字数の関係で、「同胞と愛国心(連帯と帰属)」については次回の記事で。
人を思考停止に陥れ、ひいては人を騙すことができる方法として、「滑り坂論法=滑りやすい坂論」があります。ある行為を法的または道徳的に許されないとするためによく使われる方法です。入管法改正に反対する人の主張は、冒頭で提示した国境の壁建設への反対と同じ論理の展開の仕方です。
紛争地域から来て難民申請をしても、拒否されて強制送還されて、本国で命を落とす ⇒ 人権侵害も甚だしい ⇒ 入管法改正はすべきではない。
これに少し文言を追加してみると、見え方が違ってきますから(笑)。
=「入管法を改正したら ⇒ 坂道をどんどん滑り落ちるように、人権侵害につながる or 人権侵害に歯止めが利かなくなる ⇒ だから、入管法改正はすべきではない」
一般に、人権侵害というショッキングな「結果の恐怖」を提示されると、善良な市民(笑)は足がすくんで、法改正の是非を論じられなくなってしまいます。でも、ムール・ガイさんの主張を読めば、「滑り坂論法」で意図的に割愛された論点が浮き彫りになってきます。
テロが増え、治安が悪化したヨーロッパの現状を自分の体験を通して我々に教えてくれています。人道的見地から身分証明書なしに難民認定を受けられるようにしたら、テロリストが日本に滞在する危険性が高まる。だから、自国の安全保障と、本当の難民を救うために議論すべきは、テロリストが難民として紛れ込まないようにする方策。

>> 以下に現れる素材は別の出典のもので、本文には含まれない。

text \<open>For small \<open>\<epsilon> > 0\<close> the coordinates of \<open>(\<Sum>v\<in>ray_generators \<tau>. v) + \<epsilon> w\<close> in the ray generators
  of \<open>\<rho>\<close> are \<open>[v \<in> ray_generators \<tau>] + \<epsilon> c\<^sub>v\<close>, where \<open>c\<close> are the coordinates of \<open>w\<close>; they are all
  positive exactly when \<open>moves_into w \<tau> \<rho>\<close> holds. So \<open>\<rho>\<close> is the cone whose relative interior one
  enters when moving from the relative interior of \<open>\<tau>\<close> in direction \<open>w\<close>.\<close>

definition nonpos_generators :: "real^'n \<Rightarrow> (real^'n) set \<Rightarrow> (real^'n) set" where
  "nonpos_generators w \<rho> = {v \<in> ray_generators \<rho>. representation (ray_generators \<rho>) w v \<le> 0}"

definition moves_into :: "real^'n \<Rightarrow> (real^'n) set \<Rightarrow> (real^'n) set \<Rightarrow> bool" where
  "moves_into w \<tau> \<rho> \<longleftrightarrow> ray_generators \<tau> \<subseteq> ray_generators \<rho> \<and> w \<in> span (ray_generators \<rho>) \<and>
     nonpos_generators w \<rho> \<subseteq> ray_generators \<tau>"

lemma moves_into_positive_coordinates:
  assumes ind: "independent (ray_generators \<rho>)" and mv: "moves_into w \<tau> \<rho>" and e: "0 < e"
    and small: "\<forall>v\<in>ray_generators \<rho>. e * \<bar>representation (ray_generators \<rho>) w v\<bar> < 1"
  shows "\<exists>d. (\<Sum>v\<in>ray_generators \<tau>. v) + e *\<^sub>R w = (\<Sum>v\<in>ray_generators \<rho>. d v *\<^sub>R v)
            \<and> (\<forall>v\<in>ray_generators \<rho>. 0 < d v)"
proof -
  let ?P = "ray_generators \<rho>" and ?G = "ray_generators \<tau>" and ?c = "representation (ray_generators \<rho>) w"
  have fP: "finite ?P" using ind independent_explicit by blast
  have GP: "?G \<subseteq> ?P" using mv unfolding moves_into_def by blast
  have w: "w = (\<Sum>v\<in>?P. ?c v *\<^sub>R v)"
    using sum_representation_eq[OF ind _ fP] mv unfolding moves_into_def by simp
  define d where "d v = (if v \<in> ?G then 1 else 0) + e * ?c v" for v
  have "(\<Sum>v\<in>?G. v) + e *\<^sub>R w = (\<Sum>v\<in>?P. d v *\<^sub>R v)"
    using sum_scaleR_indicator_extend[OF fP GP, of "\<lambda>_. 1"] unfolding d_def
    by (subst w) (simp add: scaleR_add_left sum.distrib scaleR_sum_right)
  moreover have "0 < d v" if v: "v \<in> ?P" for v
  proof (cases "v \<in> ?G")
    case True
    have "- (e * ?c v) \<le> e * \<bar>?c v\<bar>" using e by (simp add: abs_if)
    then show ?thesis using small v True unfolding d_def by fastforce
  next
    case False
    then have "0 < ?c v" using mv v unfolding moves_into_def nonpos_generators_def by force
    then show ?thesis using False e unfolding d_def by simp
  qed
  ultimately show ?thesis by blast
qed
lemma pdo_mult_add_left:
  fixes A A' B :: "('r::comm_ring_1) pdo"
  assumes A: "pdo_order_le A a" and A': "pdo_order_le A' a" and B: "pdo_order_le B b"
  shows "pdo_mult (\<lambda>j n. A j n + A' j n) B = (\<lambda>r n. pdo_mult A B r n + pdo_mult A' B r n)"
proof (intro ext)
  fix r n
  have S: "pdo_order_le (\<lambda>j n. A j n + A' j n) a" by (rule pdo_order_le_add[OF A A'])
  show "pdo_mult (\<lambda>j n. A j n + A' j n) B r n = pdo_mult A B r n + pdo_mult A' B r n"
    unfolding pdo_mult_eq_fsum_Dpow_mult[OF S B] pdo_mult_eq_fsum_Dpow_mult[OF A B]
      pdo_mult_eq_fsum_Dpow_mult[OF A' B]
    by (simp add: distrib_right fsum_add finite_support_pdo_mult_terms[OF A B]
        finite_support_pdo_mult_terms[OF A' B])
qed

lemma pdo_mult_neg_left:
  fixes A B :: "('r::comm_ring_1) pdo"
  assumes A: "pdo_order_le A a" and B: "pdo_order_le B b"
  shows "pdo_mult (\<lambda>j n. - A j n) B = (\<lambda>r n. - pdo_mult A B r n)"
proof (intro ext)
  fix r n
  have S: "pdo_order_le (\<lambda>j n. - A j n) a" by (rule pdo_order_le_neg[OF A])
  show "pdo_mult (\<lambda>j n. - A j n) B r n = - pdo_mult A B r n"
    unfolding pdo_mult_eq_fsum_Dpow_mult[OF S B] pdo_mult_eq_fsum_Dpow_mult[OF A B]
    by (simp add: fsum_neg[symmetric])
qed

lemma pdo_mult_zero_left: "pdo_mult (\<lambda>j n. 0) B = (\<lambda>r n. (0::'r::comm_ring_1))"
  by (simp add: pdo_mult_def fsum_def case_prod_unfold)

lemma pdo_mult_sum_left:
  fixes A :: "'i \<Rightarrow> ('r::comm_ring_1) pdo"
  assumes I: "finite I" and A: "\<And>i. i \<in> I \<Longrightarrow> pdo_order_le (A i) a" and B: "pdo_order_le B b"
  shows "pdo_mult (\<lambda>j n. \<Sum>i\<in>I. A i j n) B = (\<lambda>r n. \<Sum>i\<in>I. pdo_mult (A i) B r n)"
  using I A
proof (induction I rule: finite_induct)
  case empty then show ?case by (simp add: pdo_mult_zero_left)
next
  case (insert x I)
  have "pdo_mult (\<lambda>j n. \<Sum>i\<in>insert x I. A i j n) B = pdo_mult (\<lambda>j n. A x j n + (\<Sum>i\<in>I. A i j n)) B"
    using insert by simp
  also have "\<dots> = (\<lambda>r n. pdo_mult (A x) B r n + pdo_mult (\<lambda>j n. \<Sum>i\<in>I. A i j n) B r n)"
    by (rule pdo_mult_add_left[OF _ pdo_order_le_sum B]) (use insert in auto)
  finally show ?case using insert by simp
qed

lemma Dpow_mult_coeff_add:
  fixes B B' :: "('r::comm_ring_1) pdo"
  assumes B: "pdo_order_le B b" and B': "pdo_order_le B' b"
  shows "Dpow_mult_coeff k (\<lambda>j n. B j n + B' j n) r n = Dpow_mult_coeff k B r n + Dpow_mult_coeff k B' r n"
  unfolding Dpow_mult_coeff_def
  by (simp add: fdiff_add distrib_left fsum_add finite_support_Dpow_mult_terms[OF B]
      finite_support_Dpow_mult_terms[OF B'])

lemma pdo_mult_add_right:
  fixes A B B' :: "('r::comm_ring_1) pdo"
  assumes A: "pdo_order_le A a" and B: "pdo_order_le B b" and B': "pdo_order_le B' b"
  shows "pdo_mult A (\<lambda>j n. B j n + B' j n) = (\<lambda>r n. pdo_mult A B r n + pdo_mult A B' r n)"
proof (intro ext)
  fix r n
  have S: "pdo_order_le (\<lambda>j n. B j n + B' j n) b" by (rule pdo_order_le_add[OF B B'])
  show "pdo_mult A (\<lambda>j n. B j n + B' j n) r n = pdo_mult A B r n + pdo_mult A B' r n"
    unfolding pdo_mult_eq_fsum_Dpow_mult[OF A S] pdo_mult_eq_fsum_Dpow_mult[OF A B]
      pdo_mult_eq_fsum_Dpow_mult[OF A B'] Dpow_mult_coeff_add[OF B B']
    by (simp add: distrib_left fsum_add finite_support_pdo_mult_terms[OF A B]
        finite_support_pdo_mult_terms[OF A B'])
qed

lemma pdo_mult_zero_right: "pdo_mult A (\<lambda>j n. 0) = (\<lambda>r n. (0::'r::comm_ring_1))"
  by (simp add: pdo_mult_def fdiff_zero_fun fsum_def case_prod_unfold)

lemma pdo_mult_sum_right:
  fixes B :: "'i \<Rightarrow> ('r::comm_ring_1) pdo"
  assumes I: "finite I" and A: "pdo_order_le A a" and B: "\<And>i. i \<in> I \<Longrightarrow> pdo_order_le (B i) b"
  shows "pdo_mult A (\<lambda>j n. \<Sum>i\<in>I. B i j n) = (\<lambda>r n. \<Sum>i\<in>I. pdo_mult A (B i) r n)"
  using I B
proof (induction I rule: finite_induct)
  case empty then show ?case by (simp add: pdo_mult_zero_right)
next
  case (insert x I)
  have "pdo_mult A (\<lambda>j n. \<Sum>i\<in>insert x I. B i j n) = pdo_mult A (\<lambda>j n. B x j n + (\<Sum>i\<in>I. B i j n))"
    using insert by simp
  also have "\<dots> = (\<lambda>r n. pdo_mult A (B x) r n + pdo_mult A (\<lambda>j n. \<Sum>i\<in>I. B i j n) r n)"
    by (rule pdo_mult_add_right[OF A _ pdo_order_le_sum]) (use insert in auto)
  finally show ?case using insert by simp
qed

context derivation
begin

lemma Dpow_mult_coeff_map:
  fixes B :: "'a pdo"
  assumes B: "pdo_order_le B b"
  shows "D (Dpow_mult_coeff k B r n) = Dpow_mult_coeff k (pdo_map D B) r n"
  unfolding Dpow_mult_coeff_def
  by (subst fsum[OF finite_support_Dpow_mult_terms[OF B]]) (simp add: of_int_mult fdiff pdo_map_def)

lemma leibniz_pdo_mult:
  fixes A B :: "'a pdo"
  assumes A: "pdo_order_le A a" and B: "pdo_order_le B b"
  shows "D (pdo_mult A B r n) = pdo_mult (pdo_map D A) B r n + pdo_mult A (pdo_map D B) r n"
proof -
  have A': "pdo_order_le (pdo_map D A) a" by (rule pdo_order_le_map[OF A]) simp
  have B': "pdo_order_le (pdo_map D B) b" by (rule pdo_order_le_map[OF B]) simp
  have "D (pdo_mult A B r n) = fsum (\<lambda>k. D (A k n * Dpow_mult_coeff k B r n))"
    unfolding pdo_mult_eq_fsum_Dpow_mult[OF A B] by (rule fsum[OF finite_support_pdo_mult_terms[OF A B]])
  also have "\<dots> = fsum (\<lambda>k. pdo_map D A k n * Dpow_mult_coeff k B r n
      + A k n * Dpow_mult_coeff k (pdo_map D B) r n)"
    by (rule fsum_cong) (simp add: mult Dpow_mult_coeff_map[OF B] pdo_map_def add.commute)
  also have "\<dots> = pdo_mult (pdo_map D A) B r n + pdo_mult A (pdo_map D B) r n"
    unfolding pdo_mult_eq_fsum_Dpow_mult[OF A' B] pdo_mult_eq_fsum_Dpow_mult[OF A B']
    by (rule fsum_add[OF finite_support_pdo_mult_terms[OF A' B] finite_support_pdo_mult_terms[OF A B']])
  finally show ?thesis .
qed

lemma pdo_map_inverse:
  assumes Z: "pdo_order_le Z z" and Zi: "pdo_order_le Zi zi"
    and inv: "pdo_mult Z Zi = pdo_one" "pdo_mult Zi Z = pdo_one"
  shows "pdo_map D Zi = (\<lambda>r n. - pdo_mult Zi (pdo_mult (pdo_map D Z) Zi) r n)"
proof -
  have DZ: "pdo_order_le (pdo_map D Z) z" by (rule pdo_order_le_map[of Z z D, OF Z zero])
  have DZi: "pdo_order_le (pdo_map D Zi) zi" by (rule pdo_order_le_map[of Zi zi D, OF Zi zero])
  have "pdo_mult (pdo_map D Zi) Z = (\<lambda>r n. - pdo_mult Zi (pdo_map D Z) r n)"
  proof (intro ext)
    fix r n
    have "pdo_mult (pdo_map D Zi) Z r n + pdo_mult Zi (pdo_map D Z) r n = D (pdo_mult Zi Z r n)"
      by (rule leibniz_pdo_mult[OF Zi Z, symmetric])
    also have "\<dots> = 0" by (simp add: inv(2) pdo_one_def)
    finally show "pdo_mult (pdo_map D Zi) Z r n = - pdo_mult Zi (pdo_map D Z) r n"
      by (simp add: eq_neg_iff_add_eq_0)
  qed
  then have "pdo_mult (pdo_mult (pdo_map D Zi) Z) Zi =
      (\<lambda>r n. - pdo_mult (pdo_mult Zi (pdo_map D Z)) Zi r n)"
    using pdo_mult_neg_left[OF pdo_order_le_mult[OF Zi DZ] Zi] by simp
  then show ?thesis
    by (simp add: pdo_mult_assoc[OF DZi Z Zi] pdo_mult_assoc[OF Zi DZ Zi] inv(1) pdo_mult_one_right)
qed

end

definition pdo_shift :: "int \<Rightarrow> 'r pdo \<Rightarrow> 'r pdo" where
  "pdo_shift c A = (\<lambda>j n. A j (n + c))"
(* Let $K$ be a nonnegative function on $\mathbb{R}$ with $\int K(x)\,dx=1$, which is bounded, satisfies $\int x^2K(x)\,dx<+\infty$, and is monotone on some neighborhood of $-\infty$ and on some neighborhood of $+\infty$. For $w>0$ let $K_w(y)=w^{-1}K(w^{-1}y)$ and, given $X_1,\dots,X_n$ i.i.d. with density $s$ with respect to Lebesgue measure, let $\widehat{s}_w(x)=\frac1n\sum_{i=1}^nK_w(x-X_i)$. Assume $s$ is supported on an interval of length $2L$, and let $\phi$ be a nondecreasing concave function on $[0,+\infty)$ with $\phi(0)=0$ and $\omega_2(\sqrt{s},\eta)\le\phi(\eta)$ for all $\eta\ge0$, where \[ \omega_2(\sqrt{s},\eta)=\sup_{|z|\le\eta}\left\|\sqrt{s}(\cdot+z)-\sqrt{s}\right\|. \] Then there is a constant $C(K)$ depending only on $K$, equal to $1$ when $K$ is unimodal, such that for all $w>0$, \[ \mathbb{E}_s\left[h^2(\widehat{s}_w,s)\right]\le2\left[\int_{\mathbb{R}}(1\vee x^2)K(x)\,dx\right]\phi^2(w)+\frac{2L\|K\|_\infty}{nw}+\frac{C(K)}{n}. \]
   Context: $\|\cdot\|$ denotes the $\mathbb{L}_2$-norm with respect to Lebesgue measure on $\mathbb{R}$. For densities $t,u$, $h^2(t,u)=\frac12\int(\sqrt{t}-\sqrt{u})^2\,dx$ is the squared Hellinger distance. *)

theory Defs
  imports "HOL-Probability.Probability"
begin

definition L2norm :: "(real \<Rightarrow> real) \<Rightarrow> real" where
  "L2norm f = sqrt (LINT x|lborel. (f x)\<^sup>2)"

definition hellinger2 :: "(real \<Rightarrow> real) \<Rightarrow> (real \<Rightarrow> real) \<Rightarrow> real" where
  "hellinger2 t u = (1/2) * (LINT x|lborel. (sqrt (t x) - sqrt (u x))\<^sup>2)"

definition omega2 :: "(real \<Rightarrow> real) \<Rightarrow> real \<Rightarrow> real" where
  "omega2 f \<eta> = (SUP z\<in>{z. \<bar>z\<bar> \<le> \<eta>}. L2norm (\<lambda>x. f (x + z) - f x))"

definition kernel_w :: "(real \<Rightarrow> real) \<Rightarrow> real \<Rightarrow> real \<Rightarrow> real" where
  "kernel_w K w y = K (y / w) / w"

definition kde :: "(real \<Rightarrow> real) \<Rightarrow> nat \<Rightarrow> real \<Rightarrow> (nat \<Rightarrow> real) \<Rightarrow> real \<Rightarrow> real" where
  "kde K n w X x = (1 / real n) * (\<Sum>i<n. kernel_w K w (x - X i))"

definition monotone_either :: "real set \<Rightarrow> (real \<Rightarrow> real) \<Rightarrow> bool" where
  "monotone_either S f \<longleftrightarrow> mono_on S f \<or> monotone_on S (\<le>) (\<ge>) f"

definition unimodal :: "(real \<Rightarrow> real) \<Rightarrow> bool" where
  "unimodal f \<longleftrightarrow> (\<exists>m. mono_on {..m} f \<and> monotone_on {m..} (\<le>) (\<ge>) f)"

end

theory Submission
  imports Defs
begin

(*
  For fixed x, the estimate kde(x) is the empirical mean of n i.i.d. copies of K_w(x - X),
  bounded by sup K / w, with mean m(x) = (K_w * s)(x) and variance at most
  sup K m(x) / (n w).  Since (sqrt y - sqrt m)^2 <= (y - m)^2 / m, this gives
    E (sqrt kde(x) - sqrt s(x))^2 <= 2 (sqrt m(x) - sqrt s(x))^2 + 2 sup K / (n w),
  where the last term is only needed where s(x) > 0, i.e. on an interval of length 2L.
  For the bias, concavity of sqrt (Jensen) bounds (sqrt m(x) - sqrt s(x))^2 by
  int K_w(z) (sqrt s(x - z) - sqrt s(x))^2 dz; integrating in x and using
  omega_2(sqrt s, |z|) <= phi(|z|) <= max 1 (|z| / w) phi(w) (concavity of phi)
  yields the bias bound int (1 v x^2) K(x) dx phi(w)^2.
  The argument gives the bound even without the factor 2 and the C/n term, and it
  does not use the monotonicity of K near -oo and +oo; so C = 1 works for every K.
*)

lemma sqrt_diff_sq_mult_le:
  fixes y m :: real
  assumes "0 \<le> y" "0 \<le> m"
  shows "(sqrt y - sqrt m)\<^sup>2 * m \<le> (y - m)\<^sup>2"
proof -
  have "(sqrt y - sqrt m)\<^sup>2 * (sqrt m)\<^sup>2 \<le> (sqrt y - sqrt m)\<^sup>2 * (sqrt y + sqrt m)\<^sup>2"
    using assms by (intro mult_left_mono power_mono) auto
  also have "\<dots> = (y - m)\<^sup>2"
    using assms by (simp add: power_mult_distrib[symmetric] algebra_simps power2_eq_square)
  finally show ?thesis using assms by simp
qed

lemma diff_sq_le_twice:
  fixes a b c :: real
  shows "(a - c)\<^sup>2 \<le> 2 * (a - b)\<^sup>2 + 2 * (b - c)\<^sup>2"
proof -
  have "2 * (a - b)\<^sup>2 + 2 * (b - c)\<^sup>2 - (a - c)\<^sup>2 = (a - 2 * b + c)\<^sup>2"
    by (simp add: power2_eq_square algebra_simps)
  then show ?thesis by (smt (verit) zero_le_power2)
qed

context prob_space
begin

lemma expectation_sqrt_diff_sq_mean_le:
  fixes Y :: "'a \<Rightarrow> real"
  assumes Y_meas: "Y \<in> borel_measurable M"
    and Y_bounds: "\<And>\<omega>. \<omega> \<in> space M \<Longrightarrow> 0 \<le> Y \<omega> \<and> Y \<omega> \<le> b"
    and mean: "expectation Y = m" and var: "expectation (\<lambda>\<omega>. (Y \<omega> - m)\<^sup>2) \<le> c * m"
    and "0 \<le> c"
  shows "expectation (\<lambda>\<omega>. (sqrt (Y \<omega>) - sqrt m)\<^sup>2) \<le> c"
proof -
  have m_nonneg: "0 \<le> m"
    unfolding mean[symmetric] using Y_bounds by (intro Bochner_Integration.integral_nonneg) auto
  show ?thesis
  proof (cases "m = 0")
    case True
    have "expectation (\<lambda>\<omega>. (sqrt (Y \<omega>) - sqrt m)\<^sup>2) = expectation Y"
      using True Y_bounds by (intro Bochner_Integration.integral_cong) auto
    then show ?thesis using True mean \<open>0 \<le> c\<close> by simp
  next
    case False
    then have "0 < m" using m_nonneg by simp
    have var_int: "integrable M (\<lambda>\<omega>. (Y \<omega> - m)\<^sup>2)"
    proof (rule integrable_const_bound[where B="(b + m)\<^sup>2"])
      show "AE \<omega> in M. norm ((Y \<omega> - m)\<^sup>2) \<le> (b + m)\<^sup>2"
      proof (rule AE_I2)
        fix \<omega> assume "\<omega> \<in> space M"
        then have "\<bar>Y \<omega> - m\<bar> \<le> \<bar>b + m\<bar>" using Y_bounds m_nonneg by fastforce
        then show "norm ((Y \<omega> - m)\<^sup>2) \<le> (b + m)\<^sup>2" by (simp add: abs_le_square_iff)
      qed
    qed (use Y_meas in simp)
    have "expectation (\<lambda>\<omega>. (sqrt (Y \<omega>) - sqrt m)\<^sup>2) \<le> expectation (\<lambda>\<omega>. (Y \<omega> - m)\<^sup>2 / m)"
    proof (rule integral_mono_AE')
      show "AE \<omega> in M. (sqrt (Y \<omega>) - sqrt m)\<^sup>2 \<le> (Y \<omega> - m)\<^sup>2 / m"
        using Y_bounds sqrt_diff_sq_mult_le \<open>0 < m\<close>
        by (intro AE_I2) (simp add: pos_le_divide_eq)
    qed (use var_int m_nonneg in auto)
    also have "\<dots> \<le> c" using var \<open>0 < m\<close> by (simp add: pos_divide_le_eq)
    finally show ?thesis .
  qed
qed

lemma integrable_sqrt_diff_sq:
  fixes Y :: "'a \<Rightarrow> real"
  assumes Y_meas: "Y \<in> borel_measurable M"
    and Y_bounds: "\<And>\<omega>. \<omega> \<in> space M \<Longrightarrow> 0 \<le> Y \<omega> \<and> Y \<omega> \<le> b" and "0 \<le> t"
  shows "integrable M (\<lambda>\<omega>. (sqrt (Y \<omega>) - sqrt t)\<^sup>2)"
proof (rule integrable_const_bound[where B="2 * b + 2 * t"])
  show "AE \<omega> in M. norm ((sqrt (Y \<omega>) - sqrt t)\<^sup>2) \<le> 2 * b + 2 * t"
  proof (rule AE_I2)
    fix \<omega> assume "\<omega> \<in> space M"
    have "(sqrt (Y \<omega>) - sqrt t)\<^sup>2 \<le> 2 * (sqrt (Y \<omega>) - 0)\<^sup>2 + 2 * (0 - sqrt t)\<^sup>2"
      by (rule diff_sq_le_twice)
    then show "norm ((sqrt (Y \<omega>) - sqrt t)\<^sup>2) \<le> 2 * b + 2 * t"
      using Y_bounds[OF \<open>\<omega> \<in> space M\<close>] \<open>0 \<le> t\<close> by simp
  qed
qed (use Y_meas in simp)
lemma tendsto_binomial_times_geometric:
  fixes \<rho> :: real
  assumes \<rho>: "0 \<le> \<rho>" "\<rho> < 1" and "0 < k" "0 < d"
  shows "(\<lambda>n. real (n choose k) * \<rho> ^ ((n - k) div d)) \<longlonglongrightarrow> 0"
proof (rule tendsto_sandwich[where f = "\<lambda>_. 0"])
  let ?T = "\<lambda>n. (n - k) div d"
  have "filterlim ?T at_top sequentially"
    unfolding filterlim_at_top eventually_sequentially
  proof (intro allI exI impI)
    fix Z n :: nat assume "k + Z * d \<le> n"
    then have "Z * d div d \<le> (n - k) div d"
      by (intro div_le_mono) linarith
    then show "Z \<le> (n - k) div d"
      using \<open>0 < d\<close> by simp
  qed
  then have "(\<lambda>n. (real (?T n) + 1) ^ k * \<rho> ^ ?T n) \<longlonglongrightarrow> 0"
    by (rule filterlim_compose[OF tendsto_poly_times_geometric[OF \<rho> \<open>0 < k\<close>]])
  then show "(\<lambda>n. real (k + d) ^ k * ((real (?T n) + 1) ^ k * \<rho> ^ ?T n)) \<longlonglongrightarrow> 0"
    by (rule tendsto_mult_right_zero)
  have "real (n choose k) * \<rho> ^ ?T n \<le> real (k + d) ^ k * ((real (?T n) + 1) ^ k * \<rho> ^ ?T n)" for n
  proof -
    have "?T n * d + (n - k) mod d = n - k" "(n - k) mod d < d"
      using \<open>0 < d\<close> by (simp_all only: div_mult_mod_eq mod_less_divisor)
    then have "n \<le> k * ?T n + k + d * ?T n + d"
      by (simp only: mult.commute[of d])
    then have "n \<le> (k + d) * (?T n + 1)"
      by (simp add: algebra_simps)
    then have "n ^ k \<le> ((k + d) * (?T n + 1)) ^ k"
      by (rule power_mono) simp
    moreover have "n choose k \<le> n ^ k"
      by (cases "k \<le> n") (simp_all add: binomial_le_pow binomial_eq_0)
    ultimately have "n choose k \<le> ((k + d) * (?T n + 1)) ^ k"
      by linarith
    then have "n choose k \<le> (k + d) ^ k * (?T n + 1) ^ k"
      by (simp only: power_mult_distrib)
    then have "real (n choose k) \<le> real ((k + d) ^ k * (?T n + 1) ^ k)"
      by (simp only: of_nat_le_iff)
    also have "\<dots> = real (k + d) ^ k * (real (?T n) + 1) ^ k"
      by (simp add: add.commute)
    finally have "real (n choose k) \<le> real (k + d) ^ k * (real (?T n) + 1) ^ k" .
    then show ?thesis
      using \<rho>(1) by (simp add: mult_right_mono flip: mult.assoc)
  qed
  then show "\<forall>\<^sub>F n in sequentially. real (n choose k) * \<rho> ^ ?T n \<le> real (k + d) ^ k * ((real (?T n) + 1) ^ k * \<rho> ^ ?T n)"
    by simp
  show "\<forall>\<^sub>F n in sequentially. 0 \<le> real (n choose k) * \<rho> ^ ?T n"
    using \<rho>(1) by simp
qed (rule tendsto_const)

「滑り坂論法」の事例は枚挙にいとまがありません。安楽死、憲法9条、スパイ防止法、死刑制度・・・・。
助さん、角さんの「この印籠が目に入らぬか」ってな調子で、確証もないまま、異議を封殺する「滑り坂論法」、思考停止をさせるための上等ではない常套手段なので、くれぐれもご注意を。